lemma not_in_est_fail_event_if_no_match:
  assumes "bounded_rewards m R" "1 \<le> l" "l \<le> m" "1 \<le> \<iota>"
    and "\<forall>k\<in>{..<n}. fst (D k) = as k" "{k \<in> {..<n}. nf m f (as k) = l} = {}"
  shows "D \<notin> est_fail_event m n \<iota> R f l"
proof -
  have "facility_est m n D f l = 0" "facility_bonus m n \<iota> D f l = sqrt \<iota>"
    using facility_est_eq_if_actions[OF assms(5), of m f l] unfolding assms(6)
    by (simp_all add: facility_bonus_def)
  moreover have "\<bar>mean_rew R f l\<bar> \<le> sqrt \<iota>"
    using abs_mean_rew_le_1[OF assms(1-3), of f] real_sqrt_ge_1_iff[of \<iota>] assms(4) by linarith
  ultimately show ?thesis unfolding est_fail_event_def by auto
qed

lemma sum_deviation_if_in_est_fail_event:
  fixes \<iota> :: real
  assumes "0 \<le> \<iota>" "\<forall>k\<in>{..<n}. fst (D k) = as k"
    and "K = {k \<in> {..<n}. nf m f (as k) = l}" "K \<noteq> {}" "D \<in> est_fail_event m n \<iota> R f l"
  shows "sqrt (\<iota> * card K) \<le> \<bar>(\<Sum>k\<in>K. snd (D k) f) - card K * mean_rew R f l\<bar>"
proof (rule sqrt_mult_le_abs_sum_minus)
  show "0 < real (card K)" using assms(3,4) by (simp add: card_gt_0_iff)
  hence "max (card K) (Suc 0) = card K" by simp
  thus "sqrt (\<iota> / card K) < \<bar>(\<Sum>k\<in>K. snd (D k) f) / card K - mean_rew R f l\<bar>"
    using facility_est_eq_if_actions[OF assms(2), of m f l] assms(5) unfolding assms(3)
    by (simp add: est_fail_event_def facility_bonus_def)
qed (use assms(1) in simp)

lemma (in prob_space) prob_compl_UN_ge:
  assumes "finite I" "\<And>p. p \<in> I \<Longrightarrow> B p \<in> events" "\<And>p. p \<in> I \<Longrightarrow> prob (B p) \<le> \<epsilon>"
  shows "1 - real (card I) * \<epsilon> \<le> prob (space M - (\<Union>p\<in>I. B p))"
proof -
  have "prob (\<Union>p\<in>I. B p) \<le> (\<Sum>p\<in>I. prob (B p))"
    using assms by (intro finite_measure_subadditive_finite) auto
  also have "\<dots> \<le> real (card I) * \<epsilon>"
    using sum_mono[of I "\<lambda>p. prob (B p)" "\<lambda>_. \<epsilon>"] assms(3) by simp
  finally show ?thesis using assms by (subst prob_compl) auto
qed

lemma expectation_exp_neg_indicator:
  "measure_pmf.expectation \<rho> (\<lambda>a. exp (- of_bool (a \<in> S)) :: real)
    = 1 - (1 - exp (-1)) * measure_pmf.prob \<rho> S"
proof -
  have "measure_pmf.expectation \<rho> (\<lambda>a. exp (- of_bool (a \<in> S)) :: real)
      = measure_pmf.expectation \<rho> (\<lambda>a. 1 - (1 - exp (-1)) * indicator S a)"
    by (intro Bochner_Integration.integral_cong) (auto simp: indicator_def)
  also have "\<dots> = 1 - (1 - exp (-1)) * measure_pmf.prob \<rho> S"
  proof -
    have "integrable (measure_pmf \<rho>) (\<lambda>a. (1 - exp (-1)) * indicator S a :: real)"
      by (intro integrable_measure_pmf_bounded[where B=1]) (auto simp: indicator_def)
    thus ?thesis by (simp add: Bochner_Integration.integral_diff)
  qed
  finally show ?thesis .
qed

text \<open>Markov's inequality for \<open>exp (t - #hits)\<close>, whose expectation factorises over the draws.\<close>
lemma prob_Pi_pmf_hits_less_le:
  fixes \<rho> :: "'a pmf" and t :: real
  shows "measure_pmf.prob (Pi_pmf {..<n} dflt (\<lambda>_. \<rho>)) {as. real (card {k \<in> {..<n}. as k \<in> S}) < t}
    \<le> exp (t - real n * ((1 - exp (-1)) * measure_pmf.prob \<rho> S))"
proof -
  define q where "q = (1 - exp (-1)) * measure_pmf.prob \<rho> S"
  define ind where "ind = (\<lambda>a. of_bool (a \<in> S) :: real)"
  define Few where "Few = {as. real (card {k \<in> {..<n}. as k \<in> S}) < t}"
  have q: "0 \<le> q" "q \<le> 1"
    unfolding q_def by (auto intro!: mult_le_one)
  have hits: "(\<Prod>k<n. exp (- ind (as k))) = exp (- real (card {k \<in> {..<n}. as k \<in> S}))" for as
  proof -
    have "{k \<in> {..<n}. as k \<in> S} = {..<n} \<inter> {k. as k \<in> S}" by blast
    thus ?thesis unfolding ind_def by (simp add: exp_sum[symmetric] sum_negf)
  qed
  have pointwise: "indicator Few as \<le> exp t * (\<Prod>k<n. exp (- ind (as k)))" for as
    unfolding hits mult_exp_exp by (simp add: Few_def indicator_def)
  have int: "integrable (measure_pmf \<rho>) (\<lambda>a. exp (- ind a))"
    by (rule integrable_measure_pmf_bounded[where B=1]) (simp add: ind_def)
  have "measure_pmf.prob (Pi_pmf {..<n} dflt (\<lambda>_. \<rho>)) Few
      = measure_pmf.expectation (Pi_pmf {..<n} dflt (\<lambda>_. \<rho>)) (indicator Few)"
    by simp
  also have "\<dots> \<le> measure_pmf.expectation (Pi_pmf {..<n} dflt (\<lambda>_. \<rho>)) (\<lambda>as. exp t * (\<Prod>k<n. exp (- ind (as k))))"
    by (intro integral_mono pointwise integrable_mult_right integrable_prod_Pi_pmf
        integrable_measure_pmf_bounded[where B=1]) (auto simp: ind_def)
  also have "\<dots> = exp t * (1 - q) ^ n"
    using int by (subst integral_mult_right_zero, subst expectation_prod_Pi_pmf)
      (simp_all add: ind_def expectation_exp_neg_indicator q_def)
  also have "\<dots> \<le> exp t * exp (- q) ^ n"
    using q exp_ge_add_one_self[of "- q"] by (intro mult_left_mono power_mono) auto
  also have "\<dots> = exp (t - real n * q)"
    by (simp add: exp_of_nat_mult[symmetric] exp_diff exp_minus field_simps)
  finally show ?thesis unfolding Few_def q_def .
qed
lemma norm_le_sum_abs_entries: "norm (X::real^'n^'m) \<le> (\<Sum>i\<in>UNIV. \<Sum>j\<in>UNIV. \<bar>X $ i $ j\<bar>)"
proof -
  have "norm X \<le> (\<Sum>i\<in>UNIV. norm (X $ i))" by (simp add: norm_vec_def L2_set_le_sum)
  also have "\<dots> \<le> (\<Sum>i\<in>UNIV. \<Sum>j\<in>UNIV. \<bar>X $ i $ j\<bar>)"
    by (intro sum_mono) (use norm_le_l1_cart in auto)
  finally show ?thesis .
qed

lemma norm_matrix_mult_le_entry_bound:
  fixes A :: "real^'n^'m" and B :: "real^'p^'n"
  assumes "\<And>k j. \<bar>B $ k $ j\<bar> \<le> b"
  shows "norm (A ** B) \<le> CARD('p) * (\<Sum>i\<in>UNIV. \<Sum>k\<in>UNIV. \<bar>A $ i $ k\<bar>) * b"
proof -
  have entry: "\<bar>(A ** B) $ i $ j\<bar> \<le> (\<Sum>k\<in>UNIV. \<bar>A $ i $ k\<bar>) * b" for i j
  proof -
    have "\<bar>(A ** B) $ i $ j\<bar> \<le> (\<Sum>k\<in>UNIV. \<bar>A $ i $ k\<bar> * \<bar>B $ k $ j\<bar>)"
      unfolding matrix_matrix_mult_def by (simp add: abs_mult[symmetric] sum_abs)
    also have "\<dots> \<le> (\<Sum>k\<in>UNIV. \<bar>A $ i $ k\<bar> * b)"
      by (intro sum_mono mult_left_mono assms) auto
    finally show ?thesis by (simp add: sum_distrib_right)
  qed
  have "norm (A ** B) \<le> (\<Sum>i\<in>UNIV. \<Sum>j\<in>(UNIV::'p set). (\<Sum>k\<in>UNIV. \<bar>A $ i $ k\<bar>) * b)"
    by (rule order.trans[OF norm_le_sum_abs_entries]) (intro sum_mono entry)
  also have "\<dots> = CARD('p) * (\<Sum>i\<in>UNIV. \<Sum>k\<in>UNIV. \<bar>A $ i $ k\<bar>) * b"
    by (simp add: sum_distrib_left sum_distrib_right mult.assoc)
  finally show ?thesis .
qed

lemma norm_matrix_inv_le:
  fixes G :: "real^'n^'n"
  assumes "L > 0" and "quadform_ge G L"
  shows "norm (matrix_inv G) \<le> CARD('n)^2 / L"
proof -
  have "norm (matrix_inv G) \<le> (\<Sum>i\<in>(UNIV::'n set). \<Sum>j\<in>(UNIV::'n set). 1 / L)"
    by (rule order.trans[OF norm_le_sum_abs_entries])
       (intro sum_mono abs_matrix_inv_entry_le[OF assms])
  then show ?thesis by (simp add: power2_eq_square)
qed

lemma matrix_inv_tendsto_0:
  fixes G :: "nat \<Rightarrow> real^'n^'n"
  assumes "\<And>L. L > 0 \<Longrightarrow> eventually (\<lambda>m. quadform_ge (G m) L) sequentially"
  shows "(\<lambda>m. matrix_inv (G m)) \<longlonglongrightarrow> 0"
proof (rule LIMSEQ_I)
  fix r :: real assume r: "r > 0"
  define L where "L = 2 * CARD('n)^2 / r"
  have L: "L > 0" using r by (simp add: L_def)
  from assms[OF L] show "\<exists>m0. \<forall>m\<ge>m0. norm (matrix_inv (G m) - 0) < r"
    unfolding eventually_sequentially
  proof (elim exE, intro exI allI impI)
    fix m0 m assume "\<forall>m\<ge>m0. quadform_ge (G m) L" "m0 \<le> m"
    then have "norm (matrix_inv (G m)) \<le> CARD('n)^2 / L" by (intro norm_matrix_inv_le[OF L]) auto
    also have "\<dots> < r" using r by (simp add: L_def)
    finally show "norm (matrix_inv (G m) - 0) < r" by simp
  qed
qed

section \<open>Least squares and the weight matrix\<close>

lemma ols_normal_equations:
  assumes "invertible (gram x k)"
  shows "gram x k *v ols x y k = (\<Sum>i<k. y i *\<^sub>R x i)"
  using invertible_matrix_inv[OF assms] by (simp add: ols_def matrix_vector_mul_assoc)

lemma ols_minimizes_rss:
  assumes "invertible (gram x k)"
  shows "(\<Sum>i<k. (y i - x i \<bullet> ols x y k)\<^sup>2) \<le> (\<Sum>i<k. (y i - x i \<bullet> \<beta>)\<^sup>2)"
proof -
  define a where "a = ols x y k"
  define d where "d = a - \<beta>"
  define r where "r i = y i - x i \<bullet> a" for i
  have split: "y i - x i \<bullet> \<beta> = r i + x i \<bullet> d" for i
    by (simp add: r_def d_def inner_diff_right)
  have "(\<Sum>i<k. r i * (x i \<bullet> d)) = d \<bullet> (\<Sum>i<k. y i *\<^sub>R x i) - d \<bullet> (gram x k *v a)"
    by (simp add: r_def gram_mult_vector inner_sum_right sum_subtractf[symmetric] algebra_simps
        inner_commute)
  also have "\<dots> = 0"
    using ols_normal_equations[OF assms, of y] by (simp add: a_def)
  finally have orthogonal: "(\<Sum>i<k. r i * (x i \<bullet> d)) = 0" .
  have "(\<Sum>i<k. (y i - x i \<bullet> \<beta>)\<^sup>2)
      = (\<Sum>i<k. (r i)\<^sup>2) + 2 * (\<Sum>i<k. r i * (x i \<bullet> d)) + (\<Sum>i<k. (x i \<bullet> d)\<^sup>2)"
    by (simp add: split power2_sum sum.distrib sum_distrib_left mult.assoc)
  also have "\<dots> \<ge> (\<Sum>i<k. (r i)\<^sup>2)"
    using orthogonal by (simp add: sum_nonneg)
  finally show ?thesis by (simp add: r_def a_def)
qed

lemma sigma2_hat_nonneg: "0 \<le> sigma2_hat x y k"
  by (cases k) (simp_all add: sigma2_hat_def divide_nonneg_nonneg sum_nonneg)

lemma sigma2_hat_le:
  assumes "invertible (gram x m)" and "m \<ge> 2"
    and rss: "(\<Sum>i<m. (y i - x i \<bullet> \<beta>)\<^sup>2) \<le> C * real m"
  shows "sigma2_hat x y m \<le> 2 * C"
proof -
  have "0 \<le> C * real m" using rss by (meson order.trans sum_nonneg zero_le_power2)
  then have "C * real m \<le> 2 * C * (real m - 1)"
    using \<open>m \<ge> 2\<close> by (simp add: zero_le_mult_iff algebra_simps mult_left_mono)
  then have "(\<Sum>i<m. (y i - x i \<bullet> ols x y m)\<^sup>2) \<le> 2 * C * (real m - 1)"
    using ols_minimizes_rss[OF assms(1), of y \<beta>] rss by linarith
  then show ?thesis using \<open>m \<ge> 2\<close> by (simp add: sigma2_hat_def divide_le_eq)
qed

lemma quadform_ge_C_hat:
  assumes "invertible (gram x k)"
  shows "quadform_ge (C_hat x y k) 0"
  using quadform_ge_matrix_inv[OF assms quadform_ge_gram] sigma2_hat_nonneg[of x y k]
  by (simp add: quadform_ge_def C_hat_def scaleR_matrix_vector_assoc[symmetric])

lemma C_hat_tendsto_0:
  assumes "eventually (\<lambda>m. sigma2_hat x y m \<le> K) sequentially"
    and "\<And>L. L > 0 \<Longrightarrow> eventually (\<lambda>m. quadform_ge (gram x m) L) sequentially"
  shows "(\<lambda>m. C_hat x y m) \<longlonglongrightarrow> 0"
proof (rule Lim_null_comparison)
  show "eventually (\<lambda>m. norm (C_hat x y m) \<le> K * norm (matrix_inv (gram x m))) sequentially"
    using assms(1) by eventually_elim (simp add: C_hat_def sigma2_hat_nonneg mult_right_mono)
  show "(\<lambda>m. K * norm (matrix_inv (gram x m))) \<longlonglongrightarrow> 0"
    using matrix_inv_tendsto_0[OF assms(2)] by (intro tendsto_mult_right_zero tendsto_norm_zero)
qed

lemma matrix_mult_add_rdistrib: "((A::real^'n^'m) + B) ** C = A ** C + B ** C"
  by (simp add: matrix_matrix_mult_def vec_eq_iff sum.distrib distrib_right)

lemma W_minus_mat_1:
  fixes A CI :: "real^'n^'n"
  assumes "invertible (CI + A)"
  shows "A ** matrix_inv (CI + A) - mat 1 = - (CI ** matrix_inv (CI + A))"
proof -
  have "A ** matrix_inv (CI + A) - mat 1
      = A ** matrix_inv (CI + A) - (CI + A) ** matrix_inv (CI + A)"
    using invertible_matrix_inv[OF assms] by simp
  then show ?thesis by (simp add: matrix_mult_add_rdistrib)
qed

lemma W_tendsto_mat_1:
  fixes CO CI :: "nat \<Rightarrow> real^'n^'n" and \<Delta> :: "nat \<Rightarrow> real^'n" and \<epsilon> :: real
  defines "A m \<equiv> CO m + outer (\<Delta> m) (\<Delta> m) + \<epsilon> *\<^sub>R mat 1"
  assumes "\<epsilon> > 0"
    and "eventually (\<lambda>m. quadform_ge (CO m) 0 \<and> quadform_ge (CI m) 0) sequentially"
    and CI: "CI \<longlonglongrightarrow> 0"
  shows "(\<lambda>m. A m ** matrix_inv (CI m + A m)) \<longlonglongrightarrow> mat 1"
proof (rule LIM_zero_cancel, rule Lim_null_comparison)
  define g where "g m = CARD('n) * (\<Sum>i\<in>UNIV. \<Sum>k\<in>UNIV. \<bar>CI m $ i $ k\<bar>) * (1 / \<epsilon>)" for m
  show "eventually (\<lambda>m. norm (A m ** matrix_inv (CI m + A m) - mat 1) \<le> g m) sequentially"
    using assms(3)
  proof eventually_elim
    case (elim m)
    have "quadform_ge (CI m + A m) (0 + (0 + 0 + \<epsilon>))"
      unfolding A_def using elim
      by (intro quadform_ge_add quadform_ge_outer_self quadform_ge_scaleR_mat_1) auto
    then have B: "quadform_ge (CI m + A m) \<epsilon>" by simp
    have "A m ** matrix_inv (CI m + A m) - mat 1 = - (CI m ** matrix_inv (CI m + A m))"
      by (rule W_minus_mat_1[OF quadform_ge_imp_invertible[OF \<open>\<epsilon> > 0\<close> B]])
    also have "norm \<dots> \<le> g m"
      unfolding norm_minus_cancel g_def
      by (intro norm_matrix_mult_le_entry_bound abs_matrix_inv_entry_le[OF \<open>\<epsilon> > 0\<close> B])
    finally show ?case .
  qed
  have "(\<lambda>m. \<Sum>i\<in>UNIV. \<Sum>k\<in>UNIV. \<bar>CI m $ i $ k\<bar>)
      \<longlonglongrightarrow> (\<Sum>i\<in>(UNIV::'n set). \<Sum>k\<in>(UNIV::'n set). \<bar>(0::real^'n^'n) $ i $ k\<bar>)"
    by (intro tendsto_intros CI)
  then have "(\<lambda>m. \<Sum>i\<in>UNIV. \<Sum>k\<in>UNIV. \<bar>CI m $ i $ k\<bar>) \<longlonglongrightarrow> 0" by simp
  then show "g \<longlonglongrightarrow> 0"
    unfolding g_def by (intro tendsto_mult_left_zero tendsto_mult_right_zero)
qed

■ WHAT YOU SHOULD DO
What lines in the material mention "split"? Copy every one of them.

■ SOLUTION FOR THIS PROBLEM
  have split: "y i - x i \<bullet> \<beta> = r i + x i \<bullet> d" for i
    by (simp add: split power2_sum sum.distrib sum_distrib_left mult.assoc)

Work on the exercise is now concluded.